In this example, we'll be writing an application to extract *mentions of* diseases from Pubmed abstracts, using annotations from the [BioCreative CDR Challenge](http://www.biocreative.org/resources/corpora/biocreative-v-cdr-corpus/).  This tutorial, which has 5 parts, walks through the process of constructing a model to classify _candidate_ disease mentions as either true (i.e., that it is truly a mention of a disease) or false.

## Plan of action:

Two types of LFs:
1. TYPE I: Leveraging sources of WS (e.g. DS)
2. TYPE II: Expressing heuristics (e.g. magnifying user effort)

TYPE I:
- Need to break up MESH into subtrees and have each one be an LF!
- Need to provide negative signal

TYPE II:
- Conduct "simulated expert" experiment: go through, label examples, write LFs- what is the effective multiplier over binary labeling??
    * E.g. "renal failure"; add {"renal" -> "kidney"} to synonym map

In [1]:
%load_ext autoreload
%autoreload 2
%matplotlib inline

import numpy as np
from snorkel import SnorkelSession
session = SnorkelSession()

The autoreload extension is already loaded. To reload it, use:
  %reload_ext autoreload


In [2]:
from snorkel.models import candidate_subclass

Disease = candidate_subclass('Disease', ['disease'])
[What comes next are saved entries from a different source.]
(* Let $\mathcal{A}$ be any algorithm in the $\mathsf{LOCAL}$ model that solves the distributed spanning tree reconfiguration problem in one step of $1$-simultaneous add and delete, i.e., for every connected graph $G=(V,E)$ and every pair of spanning trees $T_1, T_2$ of $G$ (given as input as described in the context), $\mathcal{A}$ outputs a valid single-step $1$-simultaneous add and delete reconfiguration schedule from $T_1$ to $T_2$. Then $\mathcal{A}$ requires $\Omega(n)$ rounds in the worst case, where $n$ is the number of nodes of the graph.
   Context: The $\mathsf{LOCAL}$ model: the communication network is an $n$-node graph $G$ whose nodes have unique identifiers; computation proceeds in synchronous rounds, in each of which every node may send a message of arbitrary size to each of its neighbours in $G$ and perform arbitrary local computation; the running time is the number of rounds. Distributed spanning tree reconfiguration problem: given a connected graph $G=(V,E)$ (which is the communication network) and two spanning trees $T_1,T_2$ of $G$, each node $v\in V$ initially knows only its own incident edges in $T_1$ and in $T_2$ (the trees are unrooted: no parent pointers are given). A $k$-simultaneous add and delete step applied to a spanning tree $T$ consists of each node $v$ choosing a set $A_v$ of at most $k$ edges incident to $v$ to add and a set $D_v$ of at most $k$ edges incident to $v$ (in $T$) to delete, such that no edge belongs to $A_u$ and $A_w$ for two different nodes $u\ne w$ and no edge belongs to $D_u$ and $D_w$ for two different nodes $u\neq w$; the result is $(T\setminus \bigcup_v D_v)\cup \bigcup_v A_v$. A valid single-step $k$-simultaneous add and delete reconfiguration schedule from $T_1$ to $T_2$ is one such step applied to $T_1$ whose result is exactly $T_2$; the algorithm must output it distributedly, i.e., each node $v$ outputs its own sets $A_v$ and $D_v$. *)

theory Defs
  imports Main "HOL-Library.Landau_Symbols"
begin

text \<open>Nodes are natural numbers; a node's name is its unique identifier.
  An (undirected) edge is a two-element set of nodes.\<close>

definition adj :: "nat set set \<Rightarrow> nat \<Rightarrow> nat \<Rightarrow> bool" where
  "adj F u v \<longleftrightarrow> u \<noteq> v \<and> {u, v} \<in> F"

definition connected_on :: "nat set \<Rightarrow> nat set set \<Rightarrow> bool" where
  "connected_on V F \<longleftrightarrow> (\<forall>u\<in>V. \<forall>v\<in>V. (adj F)\<^sup>*\<^sup>* u v)"

definition is_graph :: "nat set \<Rightarrow> nat set set \<Rightarrow> bool" where
  "is_graph V E \<longleftrightarrow> finite V \<and> (\<forall>e\<in>E. e \<subseteq> V \<and> card e = 2)"

definition acyclic_edges :: "nat set set \<Rightarrow> bool" where
  "acyclic_edges F \<longleftrightarrow> (\<forall>u v. {u, v} \<in> F \<and> u \<noteq> v \<longrightarrow> \<not> (adj (F - {{u, v}}))\<^sup>*\<^sup>* u v)"

definition spanning_tree :: "nat set \<Rightarrow> nat set set \<Rightarrow> nat set set \<Rightarrow> bool" where
  "spanning_tree V E T \<longleftrightarrow> T \<subseteq> E \<and> connected_on V T \<and> acyclic_edges T"

definition valid_instance :: "nat set \<Rightarrow> nat set set \<Rightarrow> nat set set \<Rightarrow> nat set set \<Rightarrow> bool" where
  "valid_instance V E T1 T2 \<longleftrightarrow> is_graph V E \<and> connected_on V E
     \<and> spanning_tree V E T1 \<and> spanning_tree V E T2"

definition incident :: "nat \<Rightarrow> nat set set \<Rightarrow> nat set set" where
  "incident v F = {e \<in> F. v \<in> e}"

text \<open>A valid single-step k-simultaneous add and delete schedule: node v outputs
  out v = (A_v, D_v).\<close>
definition valid_schedule ::
  "nat \<Rightarrow> nat set \<Rightarrow> nat set set \<Rightarrow> nat set set \<Rightarrow> nat set set
     \<Rightarrow> (nat \<Rightarrow> nat set set \<times> nat set set) \<Rightarrow> bool" where
  "valid_schedule k V E T1 T2 out \<longleftrightarrow>
     (\<forall>v\<in>V. fst (out v) \<subseteq> incident v E \<and> card (fst (out v)) \<le> k
           \<and> snd (out v) \<subseteq> incident v T1 \<and> card (snd (out v)) \<le> k)
   \<and> (\<forall>u\<in>V. \<forall>w\<in>V. u \<noteq> w \<longrightarrow> fst (out u) \<inter> fst (out w) = {} \<and> snd (out u) \<inter> snd (out w) = {})
   \<and> (T1 - (\<Union>v\<in>V. snd (out v))) \<union> (\<Union>v\<in>V. fst (out v)) = T2"

definition ball :: "nat set set \<Rightarrow> nat \<Rightarrow> nat \<Rightarrow> nat set" where
  "ball E r v = {u. \<exists>k\<le>r. (adj E ^^ k) v u}"

definition touching :: "nat set \<Rightarrow> nat set set \<Rightarrow> nat set set" where
  "touching B F = {e \<in> F. e \<inter> B \<noteq> {}}"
## Loading `CandidateSet` objects

We reload the training and development `CandidateSet` objects from the previous parts of the tutorial.

In [3]:
from snorkel.models import CandidateSet

train = session.query(CandidateSet).filter(CandidateSet.name == 'CDR Training Candidates').one()
dev = session.query(CandidateSet).filter(CandidateSet.name == 'CDR Development Candidates').one()

# Writing some multinomial LFs

## TYPE I LF: Subsets of MESH dictionary

In [4]:
from cPickle import load

MESH_to_CID = load(open('MESH_to_CID.pkl', 'rb'))

In [5]:
from utils import load_mesh_raw

mesh_entries = load_mesh_raw('data/desc2017.xml')

Loaded 28472 entries


# Write the LFGs as key-value generators

In [6]:
mesh_tree = defaultdict(list)
for entry in mesh_entries:
    mid, tree_nums, terms = entry
    for tn in tree_nums:
        path = [tn[0]] + tn[1:].split(".")
        for term in terms:
            mesh_tree[term].append((mid, path))

In [7]:
mesh_tree.values()[0]

[('D007952', ['C', '04', '557', '337', '595']),
 ('D007952', ['C', '04', '557', '595', '500', '500']),
 ('D007952', ['C', '20', '683', '515', '845', '500'])]

In [8]:
def LFG_MESH_exact(c):
    p = c.disease.get_span().lower()
    if p in mesh_tree:
        seen = set()
        for mid, path in mesh_tree[p]:
            key   = "_".join(path[:2])
            if key not in seen:
                seen.add(key)
                value = MESH_to_CID[mid] if path[0] in ['C', 'F'] else -1
                yield key, value

In [9]:
from snorkel.annotations import LabelManager

label_manager = LabelManager()
L_gold_dev = label_manager.load(session, dev, "CDR Development Label Set")

In [10]:
L_gold_dev

<29853x1 sparse matrix of type '<type 'numpy.float64'>'
	with 29853 stored elements in Compressed Sparse Row format>

In [11]:
%time L_dev = label_manager.create(session, dev, 'LF Labels', f=LFG_MESH_exact)
L_dev


Loading sparse Label matrix...
CPU times: user 1min 37s, sys: 17.9 s, total: 1min 55s
Wall time: 1min 41s


<29853x103 sparse matrix of type '<type 'numpy.float64'>'
	with 10832 stored elements in Compressed Sparse Row format>

In [12]:
L_dev.lf_stats(labels=L_gold_dev)

Unnamed: 0,j,coverage,overlaps,conflicts,accuracy
G_07,0,0.003517,0.003015,0.000435,0.933333
G_08,1,0.002244,0.000770,0.000033,0.985075
C_23,2,0.018524,0.013734,0.002412,0.833635
C_08,3,0.001306,0.000770,0.000000,0.871795
D_03,4,0.028004,0.012394,0.000000,1.000000
F_01,5,0.004757,0.001943,0.000134,0.169014
B_01,6,0.013868,0.000000,0.000000,0.995169
C_10,7,0.016347,0.012394,0.001072,0.838115
E_03,8,0.000804,0.000033,0.000000,0.791667
D_02,9,0.038690,0.015945,0.000000,1.000000


In [13]:
from snorkel.learning import GenerativeModel

gen_model = GenerativeModel()
gen_model.train(L_train)

because the backend has already been chosen;
matplotlib.use() must be called *before* pylab, matplotlib.pyplot,
or matplotlib.backends is imported for the first time.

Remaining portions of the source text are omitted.